[Start of section]

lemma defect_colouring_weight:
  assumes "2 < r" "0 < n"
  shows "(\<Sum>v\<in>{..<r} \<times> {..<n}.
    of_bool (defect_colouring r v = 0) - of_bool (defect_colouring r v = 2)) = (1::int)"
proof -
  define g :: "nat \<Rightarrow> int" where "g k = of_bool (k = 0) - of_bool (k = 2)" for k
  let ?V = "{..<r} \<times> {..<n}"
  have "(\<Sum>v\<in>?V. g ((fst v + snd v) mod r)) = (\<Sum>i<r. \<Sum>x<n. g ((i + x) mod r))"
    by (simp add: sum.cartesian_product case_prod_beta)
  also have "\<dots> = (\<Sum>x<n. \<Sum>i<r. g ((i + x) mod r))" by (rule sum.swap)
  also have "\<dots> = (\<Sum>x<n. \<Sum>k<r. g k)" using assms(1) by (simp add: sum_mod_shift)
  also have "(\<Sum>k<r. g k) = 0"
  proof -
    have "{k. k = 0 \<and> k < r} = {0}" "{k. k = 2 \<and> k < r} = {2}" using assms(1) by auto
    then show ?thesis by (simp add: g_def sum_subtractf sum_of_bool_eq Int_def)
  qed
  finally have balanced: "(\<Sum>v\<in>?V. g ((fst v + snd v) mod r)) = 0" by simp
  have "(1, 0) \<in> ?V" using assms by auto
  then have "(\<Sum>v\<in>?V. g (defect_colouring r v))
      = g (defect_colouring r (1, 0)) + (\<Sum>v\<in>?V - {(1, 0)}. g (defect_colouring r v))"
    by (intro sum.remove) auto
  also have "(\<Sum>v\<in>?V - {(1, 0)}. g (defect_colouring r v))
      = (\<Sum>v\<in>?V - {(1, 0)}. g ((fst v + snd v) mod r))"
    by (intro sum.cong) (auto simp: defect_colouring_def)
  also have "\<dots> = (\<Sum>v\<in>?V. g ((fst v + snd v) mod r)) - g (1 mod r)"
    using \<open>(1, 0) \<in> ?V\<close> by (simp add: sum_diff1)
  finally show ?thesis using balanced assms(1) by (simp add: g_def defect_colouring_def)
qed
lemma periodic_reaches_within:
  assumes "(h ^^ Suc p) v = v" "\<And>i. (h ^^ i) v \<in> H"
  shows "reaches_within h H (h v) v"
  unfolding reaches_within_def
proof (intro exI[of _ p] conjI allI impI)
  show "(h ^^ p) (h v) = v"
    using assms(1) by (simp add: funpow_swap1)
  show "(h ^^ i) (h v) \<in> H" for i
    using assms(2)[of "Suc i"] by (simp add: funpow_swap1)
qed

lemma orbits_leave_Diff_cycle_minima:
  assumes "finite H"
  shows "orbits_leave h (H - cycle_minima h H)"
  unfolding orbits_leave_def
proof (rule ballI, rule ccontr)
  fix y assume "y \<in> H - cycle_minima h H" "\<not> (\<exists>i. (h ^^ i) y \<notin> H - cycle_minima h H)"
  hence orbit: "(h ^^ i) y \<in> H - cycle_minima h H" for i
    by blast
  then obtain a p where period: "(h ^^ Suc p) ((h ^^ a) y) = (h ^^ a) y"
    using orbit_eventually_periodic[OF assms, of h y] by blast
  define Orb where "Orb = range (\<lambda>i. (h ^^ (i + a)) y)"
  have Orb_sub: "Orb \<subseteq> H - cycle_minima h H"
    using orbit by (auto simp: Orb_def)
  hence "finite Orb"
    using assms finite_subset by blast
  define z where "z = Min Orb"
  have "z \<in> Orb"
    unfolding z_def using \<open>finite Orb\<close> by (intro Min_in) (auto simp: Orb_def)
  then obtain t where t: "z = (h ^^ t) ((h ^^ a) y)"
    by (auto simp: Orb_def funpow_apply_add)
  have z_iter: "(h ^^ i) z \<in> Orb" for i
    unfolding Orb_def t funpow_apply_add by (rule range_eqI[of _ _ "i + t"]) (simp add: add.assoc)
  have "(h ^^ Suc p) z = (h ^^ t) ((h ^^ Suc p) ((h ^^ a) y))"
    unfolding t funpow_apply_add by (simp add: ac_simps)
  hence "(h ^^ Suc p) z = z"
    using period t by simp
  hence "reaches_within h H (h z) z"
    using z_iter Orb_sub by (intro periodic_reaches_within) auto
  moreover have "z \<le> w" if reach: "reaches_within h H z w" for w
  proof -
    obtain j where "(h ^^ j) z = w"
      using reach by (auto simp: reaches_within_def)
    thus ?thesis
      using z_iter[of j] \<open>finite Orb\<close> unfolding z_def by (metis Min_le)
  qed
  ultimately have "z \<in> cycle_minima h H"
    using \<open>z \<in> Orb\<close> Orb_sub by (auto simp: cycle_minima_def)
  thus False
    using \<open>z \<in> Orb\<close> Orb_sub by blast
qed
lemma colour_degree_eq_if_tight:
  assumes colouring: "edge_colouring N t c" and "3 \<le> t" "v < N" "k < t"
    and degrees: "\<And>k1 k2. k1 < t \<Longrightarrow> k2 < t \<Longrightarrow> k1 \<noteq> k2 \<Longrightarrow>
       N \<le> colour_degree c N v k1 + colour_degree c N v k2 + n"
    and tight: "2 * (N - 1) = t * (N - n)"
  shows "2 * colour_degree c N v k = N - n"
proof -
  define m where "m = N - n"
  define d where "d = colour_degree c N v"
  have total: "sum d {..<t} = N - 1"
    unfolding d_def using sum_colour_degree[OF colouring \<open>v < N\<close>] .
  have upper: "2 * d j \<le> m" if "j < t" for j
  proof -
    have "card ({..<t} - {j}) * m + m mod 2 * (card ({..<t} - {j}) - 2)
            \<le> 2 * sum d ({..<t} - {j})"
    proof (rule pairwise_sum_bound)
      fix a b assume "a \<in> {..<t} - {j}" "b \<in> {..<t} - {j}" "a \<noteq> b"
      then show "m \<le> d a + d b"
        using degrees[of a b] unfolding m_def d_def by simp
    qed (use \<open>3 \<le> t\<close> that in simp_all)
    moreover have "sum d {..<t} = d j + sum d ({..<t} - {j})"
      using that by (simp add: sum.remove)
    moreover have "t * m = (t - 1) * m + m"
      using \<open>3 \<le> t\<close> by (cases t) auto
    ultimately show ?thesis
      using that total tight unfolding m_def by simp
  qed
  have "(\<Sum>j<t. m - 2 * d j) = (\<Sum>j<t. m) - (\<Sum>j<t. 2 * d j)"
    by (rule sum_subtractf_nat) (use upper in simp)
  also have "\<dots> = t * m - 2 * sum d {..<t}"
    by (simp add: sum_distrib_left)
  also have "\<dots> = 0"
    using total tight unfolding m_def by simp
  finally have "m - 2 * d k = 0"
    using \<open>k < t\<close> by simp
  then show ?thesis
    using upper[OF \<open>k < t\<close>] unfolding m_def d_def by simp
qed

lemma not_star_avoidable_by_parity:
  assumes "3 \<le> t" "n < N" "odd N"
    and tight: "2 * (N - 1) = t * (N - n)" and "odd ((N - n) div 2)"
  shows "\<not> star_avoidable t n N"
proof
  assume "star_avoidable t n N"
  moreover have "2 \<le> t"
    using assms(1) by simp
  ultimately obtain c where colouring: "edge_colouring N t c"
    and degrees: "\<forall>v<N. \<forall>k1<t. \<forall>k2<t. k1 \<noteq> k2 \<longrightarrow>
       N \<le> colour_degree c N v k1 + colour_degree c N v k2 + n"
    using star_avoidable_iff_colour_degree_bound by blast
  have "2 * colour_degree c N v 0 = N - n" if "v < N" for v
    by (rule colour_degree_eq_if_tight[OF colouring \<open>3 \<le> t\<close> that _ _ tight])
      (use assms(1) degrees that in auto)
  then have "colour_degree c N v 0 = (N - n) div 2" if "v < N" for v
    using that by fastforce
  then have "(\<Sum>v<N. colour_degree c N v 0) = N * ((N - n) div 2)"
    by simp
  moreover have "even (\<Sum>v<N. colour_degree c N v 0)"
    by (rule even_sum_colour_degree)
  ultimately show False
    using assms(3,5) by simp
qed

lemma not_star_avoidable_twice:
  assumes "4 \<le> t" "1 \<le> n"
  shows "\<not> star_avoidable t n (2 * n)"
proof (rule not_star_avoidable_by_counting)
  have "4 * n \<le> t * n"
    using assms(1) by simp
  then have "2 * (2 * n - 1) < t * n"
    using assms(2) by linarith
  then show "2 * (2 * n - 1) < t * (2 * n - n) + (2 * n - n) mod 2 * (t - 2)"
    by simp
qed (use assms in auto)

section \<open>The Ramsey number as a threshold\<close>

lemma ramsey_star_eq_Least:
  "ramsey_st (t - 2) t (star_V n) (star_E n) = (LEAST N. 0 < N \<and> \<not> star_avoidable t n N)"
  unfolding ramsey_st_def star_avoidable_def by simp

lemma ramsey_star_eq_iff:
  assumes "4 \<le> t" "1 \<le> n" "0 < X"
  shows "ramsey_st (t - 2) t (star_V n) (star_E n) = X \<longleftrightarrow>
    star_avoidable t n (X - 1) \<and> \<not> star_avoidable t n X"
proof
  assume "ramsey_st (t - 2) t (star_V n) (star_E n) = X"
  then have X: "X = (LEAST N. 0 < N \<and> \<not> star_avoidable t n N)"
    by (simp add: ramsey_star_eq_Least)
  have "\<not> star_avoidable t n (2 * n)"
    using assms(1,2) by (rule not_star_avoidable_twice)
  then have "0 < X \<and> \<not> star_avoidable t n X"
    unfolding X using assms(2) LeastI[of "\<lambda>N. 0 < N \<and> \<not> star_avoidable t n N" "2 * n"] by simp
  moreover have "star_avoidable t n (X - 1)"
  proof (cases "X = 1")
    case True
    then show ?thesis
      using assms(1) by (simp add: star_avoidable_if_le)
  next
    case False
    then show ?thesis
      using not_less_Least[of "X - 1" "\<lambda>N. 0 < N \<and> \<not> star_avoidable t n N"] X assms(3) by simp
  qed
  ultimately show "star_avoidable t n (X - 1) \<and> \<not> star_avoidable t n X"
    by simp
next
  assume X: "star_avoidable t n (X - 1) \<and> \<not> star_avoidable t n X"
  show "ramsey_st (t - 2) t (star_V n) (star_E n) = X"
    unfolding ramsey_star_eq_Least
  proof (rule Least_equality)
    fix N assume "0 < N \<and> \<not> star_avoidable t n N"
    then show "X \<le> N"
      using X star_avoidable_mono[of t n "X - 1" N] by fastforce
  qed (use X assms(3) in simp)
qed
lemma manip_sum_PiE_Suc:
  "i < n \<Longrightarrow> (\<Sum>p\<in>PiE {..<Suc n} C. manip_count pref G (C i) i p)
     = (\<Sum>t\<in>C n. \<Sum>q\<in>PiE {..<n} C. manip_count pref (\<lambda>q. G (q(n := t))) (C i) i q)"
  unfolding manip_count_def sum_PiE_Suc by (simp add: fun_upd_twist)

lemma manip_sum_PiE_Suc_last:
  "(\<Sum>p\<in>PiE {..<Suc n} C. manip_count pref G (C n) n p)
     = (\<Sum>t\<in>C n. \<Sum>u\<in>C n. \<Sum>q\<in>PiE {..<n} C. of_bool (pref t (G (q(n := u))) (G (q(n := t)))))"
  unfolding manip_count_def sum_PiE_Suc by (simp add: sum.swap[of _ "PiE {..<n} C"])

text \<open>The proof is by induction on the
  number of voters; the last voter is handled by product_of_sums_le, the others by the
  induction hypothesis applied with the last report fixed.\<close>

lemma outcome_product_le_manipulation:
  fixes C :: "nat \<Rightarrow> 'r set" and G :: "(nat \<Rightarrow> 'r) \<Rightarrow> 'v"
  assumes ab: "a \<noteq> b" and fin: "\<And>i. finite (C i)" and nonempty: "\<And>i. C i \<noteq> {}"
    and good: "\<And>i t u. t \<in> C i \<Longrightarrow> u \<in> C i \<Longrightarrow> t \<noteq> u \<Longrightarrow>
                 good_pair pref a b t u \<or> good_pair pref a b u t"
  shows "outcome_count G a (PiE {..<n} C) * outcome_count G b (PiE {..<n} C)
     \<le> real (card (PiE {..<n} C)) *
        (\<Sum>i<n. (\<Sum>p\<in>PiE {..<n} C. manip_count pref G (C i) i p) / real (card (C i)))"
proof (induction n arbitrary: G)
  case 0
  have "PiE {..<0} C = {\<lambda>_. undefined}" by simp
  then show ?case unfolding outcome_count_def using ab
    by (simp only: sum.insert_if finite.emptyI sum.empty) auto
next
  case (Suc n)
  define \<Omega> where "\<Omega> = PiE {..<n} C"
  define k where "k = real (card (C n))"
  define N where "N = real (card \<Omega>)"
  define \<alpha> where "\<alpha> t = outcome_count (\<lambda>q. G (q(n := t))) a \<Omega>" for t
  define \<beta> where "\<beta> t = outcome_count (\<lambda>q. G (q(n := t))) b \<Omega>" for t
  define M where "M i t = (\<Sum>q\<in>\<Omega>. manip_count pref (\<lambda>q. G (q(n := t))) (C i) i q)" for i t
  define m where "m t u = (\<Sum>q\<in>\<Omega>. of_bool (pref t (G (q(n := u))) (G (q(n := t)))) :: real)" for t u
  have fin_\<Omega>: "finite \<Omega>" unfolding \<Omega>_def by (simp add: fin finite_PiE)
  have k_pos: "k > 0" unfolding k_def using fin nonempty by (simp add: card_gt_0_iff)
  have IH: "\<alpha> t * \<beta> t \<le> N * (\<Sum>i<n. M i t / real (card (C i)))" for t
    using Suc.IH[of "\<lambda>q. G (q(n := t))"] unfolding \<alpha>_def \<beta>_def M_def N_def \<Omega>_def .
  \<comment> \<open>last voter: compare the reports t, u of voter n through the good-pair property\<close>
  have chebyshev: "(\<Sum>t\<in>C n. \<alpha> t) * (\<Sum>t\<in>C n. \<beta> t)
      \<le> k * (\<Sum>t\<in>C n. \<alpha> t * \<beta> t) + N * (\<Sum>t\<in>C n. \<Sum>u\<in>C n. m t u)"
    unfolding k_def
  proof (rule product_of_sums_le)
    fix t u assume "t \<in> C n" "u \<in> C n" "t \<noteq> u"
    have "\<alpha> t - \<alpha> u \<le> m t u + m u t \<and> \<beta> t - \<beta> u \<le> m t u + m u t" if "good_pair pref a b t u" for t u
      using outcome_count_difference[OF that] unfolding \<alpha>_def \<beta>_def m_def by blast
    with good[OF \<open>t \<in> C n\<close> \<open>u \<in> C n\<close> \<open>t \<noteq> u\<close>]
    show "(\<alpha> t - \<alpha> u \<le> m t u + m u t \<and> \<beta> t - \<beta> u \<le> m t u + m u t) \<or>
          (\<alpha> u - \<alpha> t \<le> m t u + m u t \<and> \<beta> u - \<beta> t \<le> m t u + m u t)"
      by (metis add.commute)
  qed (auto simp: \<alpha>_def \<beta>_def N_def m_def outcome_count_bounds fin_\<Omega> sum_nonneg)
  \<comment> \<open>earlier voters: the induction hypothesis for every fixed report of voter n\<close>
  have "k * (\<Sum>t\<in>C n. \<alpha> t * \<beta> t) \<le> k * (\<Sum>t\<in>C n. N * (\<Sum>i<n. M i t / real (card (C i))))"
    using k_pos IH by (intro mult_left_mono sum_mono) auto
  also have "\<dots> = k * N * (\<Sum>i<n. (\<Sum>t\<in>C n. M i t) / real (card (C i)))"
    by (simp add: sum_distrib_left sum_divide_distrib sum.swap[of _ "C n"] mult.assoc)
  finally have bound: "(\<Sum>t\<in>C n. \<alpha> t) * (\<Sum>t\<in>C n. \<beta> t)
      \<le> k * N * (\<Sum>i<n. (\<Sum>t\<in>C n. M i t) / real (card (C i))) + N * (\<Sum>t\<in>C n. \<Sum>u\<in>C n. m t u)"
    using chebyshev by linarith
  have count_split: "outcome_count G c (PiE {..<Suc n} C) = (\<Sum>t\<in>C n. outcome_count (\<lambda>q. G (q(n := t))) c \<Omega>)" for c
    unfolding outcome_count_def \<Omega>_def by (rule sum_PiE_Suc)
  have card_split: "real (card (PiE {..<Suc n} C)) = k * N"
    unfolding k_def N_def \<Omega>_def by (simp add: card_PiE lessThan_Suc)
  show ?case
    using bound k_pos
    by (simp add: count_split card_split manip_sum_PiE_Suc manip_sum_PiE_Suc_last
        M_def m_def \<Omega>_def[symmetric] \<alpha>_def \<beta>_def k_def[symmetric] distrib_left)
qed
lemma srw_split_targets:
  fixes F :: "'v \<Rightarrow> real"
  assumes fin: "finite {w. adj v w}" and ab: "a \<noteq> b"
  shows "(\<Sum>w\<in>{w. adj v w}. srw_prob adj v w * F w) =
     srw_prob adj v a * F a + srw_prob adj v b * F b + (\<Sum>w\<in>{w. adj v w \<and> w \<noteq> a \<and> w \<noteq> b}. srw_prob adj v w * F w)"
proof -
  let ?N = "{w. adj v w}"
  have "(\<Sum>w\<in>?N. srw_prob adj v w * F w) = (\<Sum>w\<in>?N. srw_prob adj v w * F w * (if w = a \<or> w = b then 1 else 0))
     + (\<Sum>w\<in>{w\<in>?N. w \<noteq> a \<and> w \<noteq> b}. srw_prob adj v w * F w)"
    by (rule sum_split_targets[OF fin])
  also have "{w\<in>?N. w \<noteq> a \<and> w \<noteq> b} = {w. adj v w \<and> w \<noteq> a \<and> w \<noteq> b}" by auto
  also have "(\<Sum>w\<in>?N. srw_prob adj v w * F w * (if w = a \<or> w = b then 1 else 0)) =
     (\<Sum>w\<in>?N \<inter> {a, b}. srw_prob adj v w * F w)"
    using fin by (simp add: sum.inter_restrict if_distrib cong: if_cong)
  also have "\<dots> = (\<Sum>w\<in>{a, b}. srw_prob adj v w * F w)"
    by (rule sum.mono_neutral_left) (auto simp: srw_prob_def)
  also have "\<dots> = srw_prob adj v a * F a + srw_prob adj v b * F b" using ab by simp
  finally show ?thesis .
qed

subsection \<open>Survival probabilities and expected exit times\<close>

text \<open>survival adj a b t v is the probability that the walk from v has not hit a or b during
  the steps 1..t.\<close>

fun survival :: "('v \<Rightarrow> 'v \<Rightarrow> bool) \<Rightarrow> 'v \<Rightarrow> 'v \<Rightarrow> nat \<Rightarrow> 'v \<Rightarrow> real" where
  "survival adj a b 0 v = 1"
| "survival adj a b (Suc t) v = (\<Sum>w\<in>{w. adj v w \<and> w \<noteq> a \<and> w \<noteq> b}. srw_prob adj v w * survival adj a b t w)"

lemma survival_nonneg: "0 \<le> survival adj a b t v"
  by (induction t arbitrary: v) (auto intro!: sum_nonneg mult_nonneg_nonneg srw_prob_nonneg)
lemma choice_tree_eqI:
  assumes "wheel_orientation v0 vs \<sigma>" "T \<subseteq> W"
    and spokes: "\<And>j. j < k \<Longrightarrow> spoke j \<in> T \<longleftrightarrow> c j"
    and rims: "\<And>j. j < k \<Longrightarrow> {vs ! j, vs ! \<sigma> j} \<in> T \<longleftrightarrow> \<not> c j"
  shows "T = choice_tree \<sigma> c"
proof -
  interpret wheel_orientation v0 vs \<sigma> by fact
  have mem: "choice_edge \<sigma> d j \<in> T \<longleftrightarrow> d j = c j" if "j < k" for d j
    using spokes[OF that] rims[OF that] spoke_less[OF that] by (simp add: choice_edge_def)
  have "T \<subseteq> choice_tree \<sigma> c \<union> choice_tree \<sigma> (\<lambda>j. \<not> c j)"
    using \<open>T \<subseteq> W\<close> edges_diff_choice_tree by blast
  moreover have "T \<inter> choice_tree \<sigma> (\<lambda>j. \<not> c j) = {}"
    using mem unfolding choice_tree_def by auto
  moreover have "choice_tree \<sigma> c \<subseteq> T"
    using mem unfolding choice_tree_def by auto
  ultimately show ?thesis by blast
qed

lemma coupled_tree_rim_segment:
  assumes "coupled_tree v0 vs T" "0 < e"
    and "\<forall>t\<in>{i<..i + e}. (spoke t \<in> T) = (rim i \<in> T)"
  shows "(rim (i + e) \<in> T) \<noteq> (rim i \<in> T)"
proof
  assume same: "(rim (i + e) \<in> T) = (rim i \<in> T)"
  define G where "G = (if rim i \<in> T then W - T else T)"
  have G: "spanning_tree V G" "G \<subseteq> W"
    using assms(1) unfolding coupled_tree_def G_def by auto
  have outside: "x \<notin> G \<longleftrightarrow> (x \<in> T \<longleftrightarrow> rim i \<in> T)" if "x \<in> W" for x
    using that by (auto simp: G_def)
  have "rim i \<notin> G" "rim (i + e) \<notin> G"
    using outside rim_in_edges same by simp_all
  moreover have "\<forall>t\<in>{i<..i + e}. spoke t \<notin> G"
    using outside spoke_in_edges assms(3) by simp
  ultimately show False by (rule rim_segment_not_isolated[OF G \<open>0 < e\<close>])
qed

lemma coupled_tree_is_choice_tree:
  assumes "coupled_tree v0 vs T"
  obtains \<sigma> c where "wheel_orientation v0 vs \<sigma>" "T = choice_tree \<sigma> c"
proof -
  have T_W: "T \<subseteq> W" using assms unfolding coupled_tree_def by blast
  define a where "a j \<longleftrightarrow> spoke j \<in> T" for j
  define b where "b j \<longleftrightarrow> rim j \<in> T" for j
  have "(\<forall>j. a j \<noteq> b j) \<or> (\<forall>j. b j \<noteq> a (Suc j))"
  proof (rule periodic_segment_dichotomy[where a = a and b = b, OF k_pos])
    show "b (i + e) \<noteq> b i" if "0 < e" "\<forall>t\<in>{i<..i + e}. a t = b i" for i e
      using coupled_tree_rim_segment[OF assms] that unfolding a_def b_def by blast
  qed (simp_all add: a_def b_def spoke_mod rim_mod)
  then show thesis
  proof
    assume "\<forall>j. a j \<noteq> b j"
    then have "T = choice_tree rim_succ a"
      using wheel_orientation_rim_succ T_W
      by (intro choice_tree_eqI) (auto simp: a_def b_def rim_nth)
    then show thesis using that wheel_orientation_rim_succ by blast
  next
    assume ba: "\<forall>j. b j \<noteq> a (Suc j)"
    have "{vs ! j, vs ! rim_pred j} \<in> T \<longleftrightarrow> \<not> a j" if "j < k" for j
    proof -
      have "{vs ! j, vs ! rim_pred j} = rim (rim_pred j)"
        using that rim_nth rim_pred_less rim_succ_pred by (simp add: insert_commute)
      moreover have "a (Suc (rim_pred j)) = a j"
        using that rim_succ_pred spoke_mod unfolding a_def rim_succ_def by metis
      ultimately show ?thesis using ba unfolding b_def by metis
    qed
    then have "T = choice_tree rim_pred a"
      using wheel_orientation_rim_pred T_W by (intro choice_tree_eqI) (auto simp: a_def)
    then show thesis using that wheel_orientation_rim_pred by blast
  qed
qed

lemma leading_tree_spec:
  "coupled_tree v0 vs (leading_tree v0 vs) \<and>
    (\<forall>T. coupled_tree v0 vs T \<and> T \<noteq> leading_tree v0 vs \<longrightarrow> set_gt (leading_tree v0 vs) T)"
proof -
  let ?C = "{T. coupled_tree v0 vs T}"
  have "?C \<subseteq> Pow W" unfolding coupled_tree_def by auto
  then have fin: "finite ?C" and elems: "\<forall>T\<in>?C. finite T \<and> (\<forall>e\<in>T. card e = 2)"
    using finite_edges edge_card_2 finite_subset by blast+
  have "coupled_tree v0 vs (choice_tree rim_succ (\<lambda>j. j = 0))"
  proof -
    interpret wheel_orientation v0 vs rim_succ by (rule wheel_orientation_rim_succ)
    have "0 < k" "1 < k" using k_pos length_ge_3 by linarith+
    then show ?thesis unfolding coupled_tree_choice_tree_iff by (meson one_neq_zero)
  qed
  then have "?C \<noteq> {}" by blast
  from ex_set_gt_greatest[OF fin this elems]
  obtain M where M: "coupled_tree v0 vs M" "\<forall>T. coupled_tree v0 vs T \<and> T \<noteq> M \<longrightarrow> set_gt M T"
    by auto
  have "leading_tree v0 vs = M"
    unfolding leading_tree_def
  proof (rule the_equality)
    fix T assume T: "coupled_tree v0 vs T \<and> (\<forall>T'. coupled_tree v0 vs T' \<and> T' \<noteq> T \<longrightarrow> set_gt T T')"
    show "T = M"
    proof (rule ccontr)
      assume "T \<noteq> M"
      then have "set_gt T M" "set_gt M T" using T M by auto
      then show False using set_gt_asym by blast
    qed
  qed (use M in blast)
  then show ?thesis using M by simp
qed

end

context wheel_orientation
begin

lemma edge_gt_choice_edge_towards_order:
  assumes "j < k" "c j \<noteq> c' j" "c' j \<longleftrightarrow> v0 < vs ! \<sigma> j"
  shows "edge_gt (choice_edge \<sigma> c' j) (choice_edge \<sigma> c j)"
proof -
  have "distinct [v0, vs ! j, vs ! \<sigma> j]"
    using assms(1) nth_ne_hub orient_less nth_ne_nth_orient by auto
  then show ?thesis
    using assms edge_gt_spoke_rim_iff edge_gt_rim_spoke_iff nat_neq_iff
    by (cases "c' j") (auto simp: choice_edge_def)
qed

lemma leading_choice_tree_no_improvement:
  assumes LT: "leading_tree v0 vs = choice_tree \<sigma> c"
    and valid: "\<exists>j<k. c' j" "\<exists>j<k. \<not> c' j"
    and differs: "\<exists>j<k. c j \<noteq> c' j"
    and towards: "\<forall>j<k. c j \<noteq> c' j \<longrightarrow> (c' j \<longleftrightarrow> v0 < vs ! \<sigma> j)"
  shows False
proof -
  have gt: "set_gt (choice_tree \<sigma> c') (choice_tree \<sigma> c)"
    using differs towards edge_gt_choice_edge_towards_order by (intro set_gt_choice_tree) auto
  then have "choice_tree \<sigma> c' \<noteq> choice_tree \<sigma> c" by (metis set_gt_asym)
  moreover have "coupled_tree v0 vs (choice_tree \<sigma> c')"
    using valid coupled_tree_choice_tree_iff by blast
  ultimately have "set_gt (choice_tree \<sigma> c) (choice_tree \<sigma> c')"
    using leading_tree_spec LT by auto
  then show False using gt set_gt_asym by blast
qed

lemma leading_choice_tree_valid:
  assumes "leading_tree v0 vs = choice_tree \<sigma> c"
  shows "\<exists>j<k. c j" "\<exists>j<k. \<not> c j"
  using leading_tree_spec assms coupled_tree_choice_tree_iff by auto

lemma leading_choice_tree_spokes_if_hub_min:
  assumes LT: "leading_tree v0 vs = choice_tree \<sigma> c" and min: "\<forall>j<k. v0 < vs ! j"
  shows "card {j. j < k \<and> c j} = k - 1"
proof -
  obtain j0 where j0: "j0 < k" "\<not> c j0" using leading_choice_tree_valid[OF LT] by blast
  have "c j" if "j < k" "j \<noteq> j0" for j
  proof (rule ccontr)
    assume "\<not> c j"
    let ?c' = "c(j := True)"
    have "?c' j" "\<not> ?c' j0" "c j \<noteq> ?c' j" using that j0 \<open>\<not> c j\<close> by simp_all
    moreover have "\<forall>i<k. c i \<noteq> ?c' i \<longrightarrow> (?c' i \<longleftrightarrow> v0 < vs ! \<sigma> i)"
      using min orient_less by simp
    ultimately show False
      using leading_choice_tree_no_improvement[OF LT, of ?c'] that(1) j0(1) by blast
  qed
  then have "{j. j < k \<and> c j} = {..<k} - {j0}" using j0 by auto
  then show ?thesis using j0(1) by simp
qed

[End of section]

ABOUT THIS EXERCISE
What is needed is an exact copy of the entries above, from the first line through the line holding "by (rule sum.swap)", with both of those lines kept; please give nothing else.

EXERCISE SOLUTION
lemma defect_colouring_weight:
  assumes "2 < r" "0 < n"
  shows "(\<Sum>v\<in>{..<r} \<times> {..<n}.
    of_bool (defect_colouring r v = 0) - of_bool (defect_colouring r v = 2)) = (1::int)"
proof -
  define g :: "nat \<Rightarrow> int" where "g k = of_bool (k = 0) - of_bool (k = 2)" for k
  let ?V = "{..<r} \<times> {..<n}"
  have "(\<Sum>v\<in>?V. g ((fst v + snd v) mod r)) = (\<Sum>i<r. \<Sum>x<n. g ((i + x) mod r))"
    by (simp add: sum.cartesian_product case_prod_beta)
  also have "\<dots> = (\<Sum>x<n. \<Sum>i<r. g ((i + x) mod r))" by (rule sum.swap)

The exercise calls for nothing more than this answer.